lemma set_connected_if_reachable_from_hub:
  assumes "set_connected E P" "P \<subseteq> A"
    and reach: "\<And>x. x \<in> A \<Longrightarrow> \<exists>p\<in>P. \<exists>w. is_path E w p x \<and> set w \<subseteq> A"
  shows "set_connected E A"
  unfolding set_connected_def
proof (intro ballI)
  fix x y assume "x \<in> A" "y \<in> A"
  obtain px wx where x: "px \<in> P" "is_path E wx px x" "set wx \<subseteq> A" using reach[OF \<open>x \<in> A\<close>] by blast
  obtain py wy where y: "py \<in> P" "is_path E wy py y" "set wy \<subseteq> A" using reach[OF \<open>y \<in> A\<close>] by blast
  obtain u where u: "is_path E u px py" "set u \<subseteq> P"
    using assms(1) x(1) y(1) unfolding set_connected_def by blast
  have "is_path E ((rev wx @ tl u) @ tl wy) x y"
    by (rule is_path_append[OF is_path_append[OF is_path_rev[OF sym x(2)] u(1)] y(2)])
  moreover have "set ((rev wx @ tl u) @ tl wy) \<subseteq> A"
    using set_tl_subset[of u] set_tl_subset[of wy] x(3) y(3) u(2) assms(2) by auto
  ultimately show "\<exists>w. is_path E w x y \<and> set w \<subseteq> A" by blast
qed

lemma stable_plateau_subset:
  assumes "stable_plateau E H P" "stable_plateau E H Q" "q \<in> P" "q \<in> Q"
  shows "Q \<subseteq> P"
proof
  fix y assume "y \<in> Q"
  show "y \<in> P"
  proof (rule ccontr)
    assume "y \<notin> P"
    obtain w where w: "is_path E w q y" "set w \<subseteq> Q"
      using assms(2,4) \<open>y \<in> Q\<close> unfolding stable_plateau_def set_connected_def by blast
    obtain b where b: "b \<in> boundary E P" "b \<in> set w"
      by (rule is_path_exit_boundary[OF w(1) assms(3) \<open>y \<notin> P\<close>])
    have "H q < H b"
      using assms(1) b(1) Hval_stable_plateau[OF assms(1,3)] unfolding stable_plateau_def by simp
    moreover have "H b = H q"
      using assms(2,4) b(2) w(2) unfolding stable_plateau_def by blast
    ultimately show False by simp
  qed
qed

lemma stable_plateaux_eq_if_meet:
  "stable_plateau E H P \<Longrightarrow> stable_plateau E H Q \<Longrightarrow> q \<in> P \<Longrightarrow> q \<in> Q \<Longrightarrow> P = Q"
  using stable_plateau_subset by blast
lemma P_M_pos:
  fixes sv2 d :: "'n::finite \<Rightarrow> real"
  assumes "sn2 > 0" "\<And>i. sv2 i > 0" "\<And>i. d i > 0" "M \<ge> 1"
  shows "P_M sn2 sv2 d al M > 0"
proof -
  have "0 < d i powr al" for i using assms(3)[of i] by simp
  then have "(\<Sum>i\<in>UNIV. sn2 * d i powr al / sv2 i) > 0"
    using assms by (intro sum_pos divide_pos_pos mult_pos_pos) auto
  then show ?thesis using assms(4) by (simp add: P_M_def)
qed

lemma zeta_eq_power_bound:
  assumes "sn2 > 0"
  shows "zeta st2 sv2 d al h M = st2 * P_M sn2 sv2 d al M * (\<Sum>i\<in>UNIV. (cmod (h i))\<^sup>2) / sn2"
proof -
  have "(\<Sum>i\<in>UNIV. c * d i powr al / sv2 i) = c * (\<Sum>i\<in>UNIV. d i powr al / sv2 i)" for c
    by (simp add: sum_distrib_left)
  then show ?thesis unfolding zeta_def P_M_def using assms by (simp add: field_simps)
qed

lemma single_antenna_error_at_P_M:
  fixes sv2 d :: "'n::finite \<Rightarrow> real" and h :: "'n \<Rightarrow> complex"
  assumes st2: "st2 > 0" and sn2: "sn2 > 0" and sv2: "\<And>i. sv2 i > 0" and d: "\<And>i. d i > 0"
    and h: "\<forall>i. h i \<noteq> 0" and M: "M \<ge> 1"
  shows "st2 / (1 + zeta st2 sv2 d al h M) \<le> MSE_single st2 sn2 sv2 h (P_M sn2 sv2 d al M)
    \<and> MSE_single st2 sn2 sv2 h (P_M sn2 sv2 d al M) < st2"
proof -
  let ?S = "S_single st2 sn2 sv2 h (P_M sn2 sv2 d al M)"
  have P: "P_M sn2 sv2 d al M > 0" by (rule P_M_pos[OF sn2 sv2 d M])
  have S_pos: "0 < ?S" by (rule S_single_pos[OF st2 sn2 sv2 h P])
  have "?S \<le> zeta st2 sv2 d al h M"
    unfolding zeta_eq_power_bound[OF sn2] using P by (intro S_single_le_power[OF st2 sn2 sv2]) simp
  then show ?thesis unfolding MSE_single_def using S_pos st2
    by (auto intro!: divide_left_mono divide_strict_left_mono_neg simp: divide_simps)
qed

[Problem to solve]
Give again, exactly, every line from the one holding "M) \<le> MSE_single" to the last line of the data.

[Answer for the task]
  shows "st2 / (1 + zeta st2 sv2 d al h M) \<le> MSE_single st2 sn2 sv2 h (P_M sn2 sv2 d al M)
    \<and> MSE_single st2 sn2 sv2 h (P_M sn2 sv2 d al M) < st2"
proof -
  let ?S = "S_single st2 sn2 sv2 h (P_M sn2 sv2 d al M)"
  have P: "P_M sn2 sv2 d al M > 0" by (rule P_M_pos[OF sn2 sv2 d M])
  have S_pos: "0 < ?S" by (rule S_single_pos[OF st2 sn2 sv2 h P])
  have "?S \<le> zeta st2 sv2 d al h M"
    unfolding zeta_eq_power_bound[OF sn2] using P by (intro S_single_le_power[OF st2 sn2 sv2]) simp
  then show ?thesis unfolding MSE_single_def using S_pos st2
    by (auto intro!: divide_left_mono divide_strict_left_mono_neg simp: divide_simps)
qed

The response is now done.